Vu la procédure suivante :
Par une ordonnance n° 2210506/12-3 du 11 mai 2022, le président du tribunal administratif de Paris a transmis au tribunal administratif de Montreuil la requête enregistrée pour M. B le 10 mai 2022.
Par cette requête, enregistrée le 20 mai 2022 au greffe du tribunal administratif de Montreuil, M. A B demande au tribunal :
1°) de l'admettre au bénéfice de l'aide juridictionnelle provisoire ;
2°) d'annuler l'arrêté du 10 mai 2022 par lequel le préfet de police l'a obligé à quitter le territoire français dans un délai de trente jours et a fixé le pays à destination duquel il pourra être éloigné.
Vu les autres pièces du dossier ;
Vu
- le code de l'entrée et du séjour des étrangers et du droit d'asile ;
- le code de justice administrative ;
Considérant ce qui suit :
1. Aux termes de l'article R. 222-1 du code de justice administrative : " Les présidents de () formation de jugement des tribunaux () peuvent, par ordonnance : / 1' donner acte des désistements () ".
2. Aux termes de l'article R. 612-5-1 du code de justice administrative : " Lorsque l'état du dossier permet de s'interroger sur l'intérêt que la requête conserve pour son auteur, le président de la formation de jugement () peut inviter le requérant à confirmer expressément le maintien de ses conclusions. La demande qui lui est adressée mentionne que, à défaut de réception de cette confirmation à l'expiration du délai fixé, qui ne peut être inférieur à un mois, il sera réputé s'être désisté de l'ensemble de ses conclusions ".
3. L'état du dossier permettant de s'interroger sur l'intérêt que la requête conservait pour son auteur, une demande de maintien de requête a été adressée à M. B le 30 juin 2022. Ce courrier, dont l'intéressé a accusé réception le 15 juillet 2022, comportait la mention suivant laquelle à défaut de réception de la confirmation du maintien de ses conclusions dans le délai imparti M. B serait réputé s'être désisté de l'ensemble de ses conclusions. N'ayant pas expressément confirmé le maintien de ses conclusions dans le délai d'un mois qui lui était imparti, le requérant est réputé s'être désisté de sa requête. Ce désistement étant pur et simple, rien ne s'oppose à ce qu'il en soit donné acte.
O R D O N N E :
Article 1er : Il est donné acte du désistement de la requête de M. B.

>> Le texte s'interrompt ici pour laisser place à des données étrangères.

text \<open>The order of \<open>Sp\<^sub>2\<^sub>m(r)\<close> is \<open>r\<^sup>m\<^sup>2\<close> times this cofactor, and the
  orders of all the classical groups divide a power of \<open>r\<close> times it.\<close>
definition symplectic_cofactor :: "nat \<Rightarrow> nat \<Rightarrow> nat" where
  "symplectic_cofactor r m = (\<Prod>i\<in>{1..m}. r ^ (2 * i) - 1)"

lemma of_nat_symplectic_cofactor:
  assumes "r \<ge> 1"
  shows "int (symplectic_cofactor r m) = (\<Prod>i\<in>{1..m}. int r ^ (2 * i) - 1)"
  unfolding symplectic_cofactor_def of_nat_prod
  using assms by (intro prod.cong) (auto simp: of_nat_diff)

lemma prod_dvd_symplectic_cofactor:
  fixes f :: "nat \<Rightarrow> int"
  assumes "r \<ge> 1" "k \<ge> 1" "\<And>i. k \<le> i \<Longrightarrow> i \<le> m \<Longrightarrow> f i dvd int r ^ (2 * i) - 1"
  shows "(\<Prod>i\<in>{k..m}. f i) dvd int (symplectic_cofactor r m)"
proof -
  have "(\<Prod>i\<in>{k..m}. f i) dvd (\<Prod>i\<in>{k..m}. int r ^ (2 * i) - 1)"
    using assms(3) by (intro prod_dvd_prod) auto
  also have "\<dots> dvd (\<Prod>i\<in>{1..m}. int r ^ (2 * i) - 1)"
    using assms(2) by (intro prod_dvd_prod_subset) auto
  finally show ?thesis
    using of_nat_symplectic_cofactor[OF assms(1)] by simp
qed

lemma symplectic_cofactor_split_last:
  assumes "r \<ge> 1" "m \<ge> 1"
  shows "int (symplectic_cofactor r m) = (int r ^ (2 * m) - 1) * (\<Prod>i\<in>{1..m-1}. int r ^ (2 * i) - 1)"
proof -
  obtain k where "m = Suc k"
    using assms(2) by (cases m) auto
  then show ?thesis
    using of_nat_symplectic_cofactor[OF assms(1), of m] by (simp add: mult.commute)
qed

lemma symplectic_cofactor_pos:
  assumes "r \<ge> 2"
  shows "symplectic_cofactor r m > 0"
proof -
  have "r ^ (2 * i) > 1" if "i \<ge> 1" for i
    using assms that one_less_power[of r "2 * i"] by simp
  then show ?thesis
    unfolding symplectic_cofactor_def by (intro prod_pos) auto
qed

lemma multiplicity_symplectic_cofactor:
  assumes "prime p" "r \<ge> 2"
  shows "multiplicity p (symplectic_cofactor r m) = (\<Sum>i=1..m. multiplicity p ((r ^ 2) ^ i - 1))"
proof -
  have "0 \<notin> (\<lambda>i. r ^ (2 * i) - 1) ` {1..m}"
    using symplectic_cofactor_pos[OF assms(2), of m] by (auto simp: symplectic_cofactor_def)
  then have "multiplicity p (symplectic_cofactor r m) = (\<Sum>i=1..m. multiplicity p (r ^ (2 * i) - 1))"
    unfolding symplectic_cofactor_def
    using assms(1) by (intro prime_elem_multiplicity_prod_distrib) (auto simp: prime_imp_prime_elem)
  then show ?thesis
    by (simp only: power_mult)
qed

lemma sign_power_cases:
  fixes c :: int
  assumes "c = 1 \<or> c = -1"
  shows "c ^ i = 1 \<or> c ^ i = -1"
  using assms by (cases "even i") auto

text \<open>Orders of \<open>L\<^sub>m(r)\<close> (\<open>c = 1\<close>) and \<open>U\<^sub>m(r)\<close> (\<open>c = -1\<close>).\<close>
lemma linear_unitary_order_dvd:
  fixes c d :: int
  assumes "r \<ge> 1" "m \<ge> 2" "c = 1 \<or> c = -1" "0 \<le> d" "d dvd int r - c"
  shows "nat (int r ^ (m * (m - 1) div 2) * (\<Prod>i\<in>{2..m}. int r ^ i - c ^ i) div d)
    dvd r ^ (m * (m - 1) div 2) * symplectic_cofactor r m"
proof (rule nat_div_dvd)
  have "(c ^ i) ^ 2 = 1" for i
    using sign_power_cases[OF assms(3), of i] by auto
  then have "(\<Prod>i\<in>{2..m}. int r ^ i - c ^ i) dvd int (symplectic_cofactor r m)"
    using assms(1) power_diff_dvd_power_double_diff[of "int r" _ "c ^ _"] by (intro prod_dvd_symplectic_cofactor) auto
  then show "int r ^ (m * (m - 1) div 2) * (\<Prod>i\<in>{2..m}. int r ^ i - c ^ i)
      dvd int (r ^ (m * (m - 1) div 2) * symplectic_cofactor r m)"
    by (simp add: mult_dvd_mono)
  have "d dvd int r - c"
    using assms(5) .
  also have "\<dots> dvd int r ^ 2 - c ^ 2"
    using power_diff_dvd_power_double_diff[of "int r" 1 c] by simp
  also have "\<dots> dvd int r ^ (m * (m - 1) div 2) * (\<Prod>i\<in>{2..m}. int r ^ i - c ^ i)"
    using assms(2) by (intro dvd_mult dvd_prodI) auto
  finally show "d dvd int r ^ (m * (m - 1) div 2) * (\<Prod>i\<in>{2..m}. int r ^ i - c ^ i)" .
  have "c ^ i \<le> int r ^ i" for i
  proof -
    have "1 \<le> int r ^ i"
      using assms(1) by simp
    then show ?thesis
      using sign_power_cases[OF assms(3), of i] by auto
  qed
  then show "0 \<le> int r ^ (m * (m - 1) div 2) * (\<Prod>i\<in>{2..m}. int r ^ i - c ^ i)"
    by (intro mult_nonneg_nonneg prod_nonneg) auto
qed (use assms(4) in simp)

text \<open>Orders of \<open>PSp\<^sub>2\<^sub>m(r)\<close> and \<open>\<Omega>\<^sub>2\<^sub>m\<^sub>+\<^sub>1(r)\<close>, which differ only in the divisor \<open>d\<close>.\<close>
lemma symplectic_order_dvd:
  fixes d :: int
  assumes "r \<ge> 1" "m \<ge> 1" "0 \<le> d" "d dvd int r - 1"
  shows "nat (int r ^ (m * m) * (\<Prod>i\<in>{1..m}. int r ^ (2 * i) - 1) div d)
    dvd r ^ (m * m) * symplectic_cofactor r m"
proof (rule nat_div_dvd)
  show "int r ^ (m * m) * (\<Prod>i\<in>{1..m}. int r ^ (2 * i) - 1)
      dvd int (r ^ (m * m) * symplectic_cofactor r m)"
    using of_nat_symplectic_cofactor[OF assms(1)] by simp
  have "d dvd int r - 1"
    using assms(4) .
  also have "\<dots> dvd int r ^ 2 - 1"
    using power_diff_dvd_power_double_diff[of "int r" 1 1] by simp
  also have "\<dots> dvd int r ^ (m * m) * (\<Prod>i\<in>{1..m}. int r ^ (2 * i) - 1)"
    using assms(2) by (intro dvd_mult dvd_prodI) auto
  finally show "d dvd int r ^ (m * m) * (\<Prod>i\<in>{1..m}. int r ^ (2 * i) - 1)" .
  show "0 \<le> int r ^ (m * m) * (\<Prod>i\<in>{1..m}. int r ^ (2 * i) - 1)"
    using assms(1) by (intro mult_nonneg_nonneg prod_nonneg) auto
qed (use assms(3) in simp)

text \<open>Orders of \<open>P\<Omega>\<^sup>+\<^sub>2\<^sub>m(r)\<close> (\<open>c = 1\<close>) and \<open>P\<Omega>\<^sup>-\<^sub>2\<^sub>m(r)\<close> (\<open>c = -1\<close>).\<close>
lemma orthogonal_even_order_dvd:
  fixes c :: int
  assumes "r \<ge> 1" "m \<ge> 1" "c = 1 \<or> c = -1"
  shows "nat (int r ^ (m * (m - 1)) * (int r ^ m - c) * (\<Prod>i\<in>{1..m-1}. int r ^ (2 * i) - 1)
      div gcd 4 (int r ^ m - c))
    dvd r ^ (m * (m - 1)) * symplectic_cofactor r m"
proof (rule nat_div_dvd)
  have "int r ^ m - c dvd int r ^ (2 * m) - 1"
    using power_diff_dvd_power_double_diff[of "int r" m c] assms(3) by auto
  then show "int r ^ (m * (m - 1)) * (int r ^ m - c) * (\<Prod>i\<in>{1..m-1}. int r ^ (2 * i) - 1)
      dvd int (r ^ (m * (m - 1)) * symplectic_cofactor r m)"
    using symplectic_cofactor_split_last[OF assms(1,2)] by (simp add: mult_dvd_mono)
  have "1 \<le> int r ^ m"
    using assms(1) by simp
  then have "c \<le> int r ^ m"
    using assms(3) by auto
  then show "0 \<le> int r ^ (m * (m - 1)) * (int r ^ m - c) * (\<Prod>i\<in>{1..m-1}. int r ^ (2 * i) - 1)"
    using assms(1) by (intro mult_nonneg_nonneg prod_nonneg) auto
qed (simp_all add: dvd_mult2)
lemma abs_det_chart_0: "\<bar>det (matrix (chart 0 u w r))\<bar> = r\<^sup>2"
proof -
  have "(u$1)\<^sup>2 + (u$2)\<^sup>2 = 1" "(w$1)\<^sup>2 + (w$2)\<^sup>2 = 1" "u$1 * w$1 + u$2 * w$2 = 0"
    using norm_u norm_w orthogonal
    by (simp_all add: norm_eq_1 inner_vec_def UNIV_2 power2_eq_square)
  moreover have "(u$1 * w$2 - w$1 * u$2)\<^sup>2 =
      ((u$1)\<^sup>2 + (u$2)\<^sup>2) * ((w$1)\<^sup>2 + (w$2)\<^sup>2) - (u$1 * w$1 + u$2 * w$2)\<^sup>2"
    by algebra
  ultimately have "\<bar>u$1 * w$2 - w$1 * u$2\<bar> = 1"
    by (simp add: abs_square_eq_1[symmetric])
  moreover have "det (matrix (chart 0 u w r)) = r\<^sup>2 * (u$1 * w$2 - w$1 * u$2)"
    by (simp add: det_2 matrix_def chart_def axis_def power2_eq_square algebra_simps)
  ultimately show ?thesis
    using r_pos by (simp add: abs_mult)
qed

lemma has_integral_chart_image:
  fixes v :: "real^2 \<Rightarrow> real"
  assumes nonneg: "\<And>y. y \<in> chart c u w r ` S \<Longrightarrow> 0 \<le> v y"
  shows "((\<lambda>x. r\<^sup>2 * v (chart c u w r x)) has_integral b) S \<longleftrightarrow> (v has_integral b) (chart c u w r ` S)"
proof -
  define coords where "coords z = (vector [(z \<bullet> u) / r, (z \<bullet> w) / r] :: real^2)" for z
  have "linear coords"
    by (rule linearI) (simp_all add: coords_def vec_eq_iff forall_2 vector_2 inner_add_left add_divide_distrib)
  then have "(\<lambda>y. coords (y - c)) = (\<lambda>y. coords y - coords c)"
    by (simp add: linear_diff)
  with \<open>linear coords\<close> have coords_derivative: "((\<lambda>y. coords (y - c)) has_derivative coords) (at y within T)" for y T
    using has_derivative_diff[OF linear_imp_has_derivative has_derivative_const] by fastforce
  have coords_chart: "coords (chart 0 u w r p) = p" for p
    using r_pos by (simp add: coords_def inner_chart_0 vec_eq_iff forall_2)
  have chart_derivative: "(chart c u w r has_derivative chart 0 u w r) (at x within S)" for x
    using has_derivative_add[OF has_derivative_const linear_imp_has_derivative[OF linear_chart_0]]
    unfolding chart_eq_translate[of c, abs_def] by fastforce
  have "((\<lambda>x. \<bar>det (matrix (chart 0 u w r))\<bar> * v (chart c u w r x)) has_integral b) S \<longleftrightarrow>
      (v has_integral b) (chart c u w r ` S)"
    by (rule cov_invertible_nonneg_eq[OF chart_derivative coords_derivative nonneg])
      (auto simp: chart_eq_translate[of c] coords_chart o_def fun_eq_iff)
  then show ?thesis
    by (simp add: abs_det_chart_0)
qed

lemma val_chart_image:
  fixes v :: "real^2 \<Rightarrow> real"
  assumes "(\<lambda>x. v (chart c u w r x)) integrable_on S" "\<And>y. y \<in> chart c u w r ` S \<Longrightarrow> 0 \<le> v y"
  shows "val v (chart c u w r ` S) = r\<^sup>2 * integral S (\<lambda>x. v (chart c u w r x))"
proof -
  have "((\<lambda>x. r\<^sup>2 * v (chart c u w r x)) has_integral r\<^sup>2 * integral S (\<lambda>x. v (chart c u w r x))) S"
    by (rule has_integral_mult_right[OF integrable_integral[OF assms(1)]])
  then have "(v has_integral r\<^sup>2 * integral S (\<lambda>x. v (chart c u w r x))) (chart c u w r ` S)"
    using has_integral_chart_image[where c = c and S = S and v = v, OF assms(2)] by blast
  then show ?thesis
    unfolding val_def by (rule integral_unique)
qed

lemma integrable_on_chart_pullback:
  fixes v :: "real^2 \<Rightarrow> real"
  assumes "v integrable_on chart c u w r ` S" "\<And>y. y \<in> chart c u w r ` S \<Longrightarrow> 0 \<le> v y"
  shows "(\<lambda>x. v (chart c u w r x)) integrable_on S"
proof -
  obtain I where "(v has_integral I) (chart c u w r ` S)"
    using assms(1) by (auto simp: integrable_on_def)
  then have "(\<lambda>x. r\<^sup>2 * v (chart c u w r x)) integrable_on S"
    using has_integral_chart_image[where c = c and S = S and v = v, OF assms(2)] by (auto simp: integrable_on_def)
  then show ?thesis
    using r_pos by (simp add: integrable_on_cmult_iff)
qed

lemma square_frame_reflect:
  assumes "a \<in> {0, 1}" "b \<in> {0, 1}"
  shows "square_frame ((1 - 2 * a) *\<^sub>R u) ((1 - 2 * b) *\<^sub>R w) r"
  using assms r_pos norm_u norm_w orthogonal by unfold_locales auto

end

section \<open>Transfer to an arbitrary square\<close>

lemma subsquare_unit_square: "subsquare unit_square"
  unfolding subsquare_def by (intro exI[of _ 0] exI[of _ 1]) simp

lemma subsquare_quarter: "x \<in> {0, 1/2} \<Longrightarrow> y \<in> {0, 1/2} \<Longrightarrow> subsquare (axis_square x y (1/2))"
  unfolding subsquare_def
  by (intro exI[of _ x] exI[of _ y] exI[of _ "1/2"] conjI axis_square_subset) auto

lemma is_squareE:
  assumes "is_square C"
  obtains c u w r where "square_frame u w r" "C = chart c u w r ` unit_square"
proof -
  obtain c u w r where "0 < r" "norm u = 1" "norm w = 1" "u \<bullet> w = 0"
    and C: "C = {c + (a * r) *\<^sub>R u + (b * r) *\<^sub>R w | a b. a \<in> {0..1} \<and> b \<in> {0..1}}"
    using assms unfolding is_square_def by blast
  then have "square_frame u w r"
    by unfold_locales
  moreover have "C = chart c u w r ` unit_square"
    using chart_image_axis_square[of 1 c u w r 0 0] by (simp add: C chart_def)
  ultimately show thesis
    using that by blast
qed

Article 2 : La présente ordonnance sera notifiée à M. A B et au préfet de police.
Fait à Montreuil, le 11 octobre 2022.
Le président de la 5e chambre,
Signé
A. Myara
La République mande et ordonne au ministre de l'intérieur et des outre-mer en ce qui le concerne ou à tous commissaires de justice à ce requis en ce qui concerne les voies de droit commun contre les parties privées, de pourvoir à l'exécution de la présente décision.